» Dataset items
(* If $y^{(i_1)}$ and $y^{(i_2)}$ are two points lying in the same lap $I_j$, $1\le j\le n$, then $U\,V_\beta\,e_{i_1}=U\,V_\beta\,e_{i_2}$, where $e_i$ denotes the $i$-th standard basis vector of $\mathbb{R}^q$ (the vector representing $y^{(i)}$).
   Context: Setting. $I\subset\mathbb{R}$ compact interval; $f_i(x)=\rho_ix+\varrho_i$ ($i=1,\dots,n$), $0<|\rho_i|<1$, IFS with open set condition; $I$ is the union of a nonempty open interval $I_h$ (hole) and $f_1(I),\dots,f_n(I)$, with pairwise disjoint interiors and $I_h$ disjoint from the $f_i(I)$; $F(x)=f_i^{-1}(x)$ on $f_i(I)$. The laps $I_1,\dots,I_n$ (left to right) and the hole have endpoints $a_1<\dots<a_{n+2}$, hole $(a_h,a_{h+1})$; interior endpoints are turning/discontinuity points. Assume the forward orbit of every one-sided endpoint $a_i^\pm$ is finite. Points $y^{(1)},\dots,y^{(q)}$: the one-sided endpoints $a_1^+,a_2^-,a_2^+,\dots,a_{n+2}^-$ (with $a_i^-,a_i^+$ consecutive) together with all other points of their forward orbits, ordered along $I$. $V_\beta=[v_{ij}]$ ($q\times q$, $\beta\in\mathbb{R}$): if $F(y^{(j)})=y^{(i)}$, $v_{ij}=\varepsilon(y^{(j)})|F'(y^{(j)})|^{-\beta}$ with $\varepsilon$ the sign of $F'$ at $y^{(j)}$ (column zero for limits from inside the hole); for every pair of consecutive entries that are the two one-sided versions of a turning/discontinuity point between $y^{(j)}$ and $y^{(i)}$: if $y^{(i)}>y^{(j)}$, pair $y^{(k)},y^{(k+1)}$, $j\le k<i$, set $v_{kj}=v_{ij}$, $v_{k+1,j}=-v_{ij}$; if $y^{(i)}<y^{(j)}$, pair $y^{(k-1)},y^{(k)}$, $i<k\le j$, set $v_{k-1,j}=-v_{ij}$, $v_{kj}=v_{ij}$; all other entries $0$. $U$ is the $n\times q$ matrix with entry $(j,i)$ equal to $1$ if $y^{(i)}$ lies in lap $I_j$ and $0$ otherwise. *)

theory Defs
  imports Complex_Main "HOL-Library.Product_Lexorder" "Jordan_Normal_Form.Matrix"
begin

text \<open>Parameters: n laps; endpoints a 1 < ... < a (n+2); the hole is (a h, a (h+1));
  the affine maps f i x = rho i * x + varrho i (i = 1..n), indexed so that f i maps I onto
  the i-th lap (laps numbered left to right).\<close>

definition Ival :: "nat \<Rightarrow> (nat \<Rightarrow> real) \<Rightarrow> real set" where
  "Ival n a = {a 1 .. a (n + 2)}"

definition hole :: "(nat \<Rightarrow> real) \<Rightarrow> nat \<Rightarrow> real set" where
  "hole a h = {a h <..< a (Suc h)}"

definition lapidx :: "nat \<Rightarrow> nat \<Rightarrow> nat" where
  "lapidx h j = (if j < h then j else Suc j)"

definition lap :: "(nat \<Rightarrow> real) \<Rightarrow> nat \<Rightarrow> nat \<Rightarrow> real set" where
  "lap a h j = {a (lapidx h j) .. a (Suc (lapidx h j))}"

definition ifs_with_hole ::
  "nat \<Rightarrow> (nat \<Rightarrow> real) \<Rightarrow> nat \<Rightarrow> (nat \<Rightarrow> real) \<Rightarrow> (nat \<Rightarrow> real) \<Rightarrow> bool" where
  "ifs_with_hole n a h \<rho> \<sigma> \<longleftrightarrow>
     1 \<le> n \<and> (\<forall>i\<in>{1..n+1}. a i < a (Suc i)) \<and> 1 \<le> h \<and> h \<le> n + 1 \<and>
     (\<forall>i\<in>{1..n}. 0 < \<bar>\<rho> i\<bar> \<and> \<bar>\<rho> i\<bar> < 1 \<and>
        (\<lambda>x. \<rho> i * x + \<sigma> i) ` Ival n a = lap a h i) \<and>
     Ival n a = hole a h \<union> (\<Union>i\<in>{1..n}. lap a h i)"

text \<open>A one-sided point is a pair (x, s): s = True means x^+ (limit from the right),
  s = False means x^- (limit from the left). The lexicographic order on real \<times> bool
  orders points along I with x^- immediately before x^+.\<close>

type_synonym spoint = "real \<times> bool"

definition in_lap :: "nat \<Rightarrow> (nat \<Rightarrow> real) \<Rightarrow> nat \<Rightarrow> nat \<Rightarrow> spoint \<Rightarrow> bool" where
  "in_lap n a h j y \<longleftrightarrow> 1 \<le> j \<and> j \<le> n \<and>
     (if snd y then a (lapidx h j) \<le> fst y \<and> fst y < a (Suc (lapidx h j))
      else a (lapidx h j) < fst y \<and> fst y \<le> a (Suc (lapidx h j)))"

definition lap_of :: "nat \<Rightarrow> (nat \<Rightarrow> real) \<Rightarrow> nat \<Rightarrow> spoint \<Rightarrow> nat" where
  "lap_of n a h y = (THE j. in_lap n a h j y)"

text \<open>The map F applied to a one-sided point (one-sided limit); undefined (None) for
  points not in any lap, i.e. limits from inside the hole.\<close>
definition Fside ::
  "nat \<Rightarrow> (nat \<Rightarrow> real) \<Rightarrow> nat \<Rightarrow> (nat \<Rightarrow> real) \<Rightarrow> (nat \<Rightarrow> real) \<Rightarrow> spoint \<Rightarrow> spoint option" where
  "Fside n a h \<rho> \<sigma> y =
     (if \<exists>j. in_lap n a h j y then
        (let j = lap_of n a h y in
         Some ((fst y - \<sigma> j) / \<rho> j, if \<rho> j > 0 then snd y else \<not> snd y))
      else None)"

definition endpoints :: "nat \<Rightarrow> (nat \<Rightarrow> real) \<Rightarrow> spoint set" where
  "endpoints n a = {(a 1, True), (a (n + 2), False)} \<union> {(a k, s) | k s. 2 \<le> k \<and> k \<le> n + 1}"

inductive_set orbit_pts ::
  "nat \<Rightarrow> (nat \<Rightarrow> real) \<Rightarrow> nat \<Rightarrow> (nat \<Rightarrow> real) \<Rightarrow> (nat \<Rightarrow> real) \<Rightarrow> spoint set"
  for n a h \<rho> \<sigma> where
  base: "y \<in> endpoints n a \<Longrightarrow> y \<in> orbit_pts n a h \<rho> \<sigma>"
| step: "y \<in> orbit_pts n a h \<rho> \<sigma> \<Longrightarrow> Fside n a h \<rho> \<sigma> y = Some z \<Longrightarrow> z \<in> orbit_pts n a h \<rho> \<sigma>"

text \<open>The points y^(1), ..., y^(q), ordered along I (0-based list: y^(i) = ypts ! (i-1)).\<close>
definition ypts ::
  "nat \<Rightarrow> (nat \<Rightarrow> real) \<Rightarrow> nat \<Rightarrow> (nat \<Rightarrow> real) \<Rightarrow> (nat \<Rightarrow> real) \<Rightarrow> spoint list" where
  "ypts n a h \<rho> \<sigma> = sorted_list_of_set (orbit_pts n a h \<rho> \<sigma>)"

text \<open>Entries k, k+1 of ys are the two one-sided versions a_m^-, a_m^+ of a
  turning/discontinuity point a_m (2 \<le> m \<le> n+1).\<close>
definition tpair :: "nat \<Rightarrow> (nat \<Rightarrow> real) \<Rightarrow> spoint list \<Rightarrow> nat \<Rightarrow> bool" where
  "tpair n a ys k \<longleftrightarrow> Suc k < length ys \<and>
     (\<exists>m\<in>{2..n+1}. ys ! k = (a m, False) \<and> ys ! Suc k = (a m, True))"

definition ind :: "bool \<Rightarrow> real" where
  "ind b = (if b then 1 else 0)"

text \<open>Column j: value v at the row of F(y^(j)),
  plus the +-v entries at the turning/discontinuity pairs between y^(j) and F(y^(j));
  contributions at the same entry are added.\<close>
definition Vmat ::
  "real \<Rightarrow> nat \<Rightarrow> (nat \<Rightarrow> real) \<Rightarrow> nat \<Rightarrow> (nat \<Rightarrow> real) \<Rightarrow> (nat \<Rightarrow> real) \<Rightarrow> real mat" where
  "Vmat \<beta> n a h \<rho> \<sigma> =
     (let ys = ypts n a h \<rho> \<sigma>; q = length ys; tp = tpair n a ys in
      mat q q (\<lambda>(i, j).
        case Fside n a h \<rho> \<sigma> (ys ! j) of
          None \<Rightarrow> 0
        | Some z \<Rightarrow>
            (let i0 = (THE i. i < q \<and> ys ! i = z);
                 r = \<rho> (lap_of n a h (ys ! j));
                 v = sgn (1 / r) * \<bar>1 / r\<bar> powr (- \<beta>)
             in v * (ind (i = i0) +
                  (if j < i0 then
                     ind (j \<le> i \<and> i < i0 \<and> tp i)
                     - ind (0 < i \<and> j \<le> i - 1 \<and> i - 1 < i0 \<and> tp (i - 1))
                   else if i0 < j then
                     ind (0 < i \<and> i0 < i \<and> i \<le> j \<and> tp (i - 1))
                     - ind (i0 < i + 1 \<and> i + 1 \<le> j \<and> tp i)
                   else 0)))))"

definition Umat ::
  "nat \<Rightarrow> (nat \<Rightarrow> real) \<Rightarrow> nat \<Rightarrow> (nat \<Rightarrow> real) \<Rightarrow> (nat \<Rightarrow> real) \<Rightarrow> real mat" where
  "Umat n a h \<rho> \<sigma> =
     (let ys = ypts n a h \<rho> \<sigma> in
      mat n (length ys) (\<lambda>(r, c). ind (in_lap n a h (Suc r) (ys ! c))))"

end

theory Submission
  imports Defs
begin

(* Column i of V_beta is v_j (e_i0 + sum of +-(e_k - e_(k+1)) over the turning pairs k between
   y^(i) and y^(i0) = F(y^(i))), where v_j depends only on the lap I_j containing y^(i).  Row r of U
   is the indicator g of the lap I_(r+1), so (U V e_i)_r = v_j (g i0 + sum (g k - g (k+1))).  Because
   every one-sided endpoint is one of the y's, g is constant across consecutive points that do not
   form a turning pair; hence the sum telescopes to v_j g i, i.e. U V e_i = v_j e_j. *)

lemma strict_sorted_nothing_between:
  fixes ys :: "'a::linorder list"
  assumes "sorted_wrt (<) ys" "Suc k < length ys" "e \<in> set ys"
  shows "e \<le> ys ! k \<or> ys ! Suc k \<le> e"
proof -
  obtain m where m: "m < length ys" "ys ! m = e" using assms(3) by (metis in_set_conv_nth)
  have "sorted ys" using assms(1) by (rule strict_sorted_imp_sorted)
  then show ?thesis
    using m assms(2) by (cases "m \<le> k") (auto intro: sorted_nth_mono)
qed

lemma sum_turning_differences:
  fixes g :: "nat \<Rightarrow> real"
  assumes "p \<le> r" "r < q" and const: "\<And>k. p \<le> k \<Longrightarrow> k < r \<Longrightarrow> \<not> tp k \<Longrightarrow> g (Suc k) = g k"
  shows "(\<Sum>c<q. g c * (ind (p \<le> c \<and> c < r \<and> tp c)
                         - ind (0 < c \<and> p \<le> c - 1 \<and> c - 1 < r \<and> tp (c - 1)))) = g p - g r"
proof -
  define T where "T = {k \<in> {p..<r}. tp k}"
  have "(\<Sum>c<q. g c * ind (p \<le> c \<and> c < r \<and> tp c))
      = (\<Sum>c \<in> {c \<in> {..<q}. p \<le> c \<and> c < r \<and> tp c}. g c)"
    unfolding sum.inter_filter[OF finite_lessThan] by (rule sum.cong) (auto simp: ind_def)
  also have "{c \<in> {..<q}. p \<le> c \<and> c < r \<and> tp c} = T"
    using \<open>r < q\<close> by (auto simp: T_def)
  finally have left: "(\<Sum>c<q. g c * ind (p \<le> c \<and> c < r \<and> tp c)) = (\<Sum>k\<in>T. g k)" .
  have "(\<Sum>c<q. g c * ind (0 < c \<and> p \<le> c - 1 \<and> c - 1 < r \<and> tp (c - 1)))
      = (\<Sum>c \<in> {c \<in> {..<q}. 0 < c \<and> p \<le> c - 1 \<and> c - 1 < r \<and> tp (c - 1)}. g c)"
    unfolding sum.inter_filter[OF finite_lessThan] by (rule sum.cong) (auto simp: ind_def)
  also have "{c \<in> {..<q}. 0 < c \<and> p \<le> c - 1 \<and> c - 1 < r \<and> tp (c - 1)} = Suc ` T"
    using \<open>r < q\<close> by (auto simp: T_def image_iff gr0_conv_Suc)
  also have "(\<Sum>c \<in> Suc ` T. g c) = (\<Sum>k\<in>T. g (Suc k))"
    by (simp add: sum.reindex)
  finally have right: "(\<Sum>c<q. g c * ind (0 < c \<and> p \<le> c - 1 \<and> c - 1 < r \<and> tp (c - 1)))
      = (\<Sum>k\<in>T. g (Suc k))" .
  have "(\<Sum>k\<in>T. g k - g (Suc k)) = (\<Sum>k=p..<r. g k - g (Suc k))"
    by (rule sum.mono_neutral_left) (auto simp: T_def const)
  also have "\<dots> = g p - g r"
    using sum_Suc_diff'[OF \<open>p \<le> r\<close>, of g] by (simp add: sum_subtractf)
  finally show ?thesis
    unfolding right_diff_distrib sum_subtractf left right by (simp add: sum_subtractf)
qed

(* Entry i of column j of V_beta divided by v, where y^(i0) = F(y^(j)) and tp k marks the turning
   pairs (y^(k), y^(k+1)). *)
definition turning_column :: "(nat \<Rightarrow> bool) \<Rightarrow> nat \<Rightarrow> nat \<Rightarrow> nat \<Rightarrow> real" where
  "turning_column tp j i0 i = ind (i = i0) +
     (if j < i0 then
        ind (j \<le> i \<and> i < i0 \<and> tp i) - ind (0 < i \<and> j \<le> i - 1 \<and> i - 1 < i0 \<and> tp (i - 1))
      else if i0 < j then
        ind (0 < i \<and> i0 < i \<and> i \<le> j \<and> tp (i - 1)) - ind (i0 < i + 1 \<and> i + 1 \<le> j \<and> tp i)
      else 0)"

» Work order
Filter the records for lines containing the word "lapidx" and copy each one.

» Task output
definition lapidx :: "nat \<Rightarrow> nat \<Rightarrow> nat" where
  "lapidx h j = (if j < h then j else Suc j)"
  "lap a h j = {a (lapidx h j) .. a (Suc (lapidx h j))}"
     (if snd y then a (lapidx h j) \<le> fst y \<and> fst y < a (Suc (lapidx h j))
      else a (lapidx h j) < fst y \<and> fst y \<le> a (Suc (lapidx h j)))"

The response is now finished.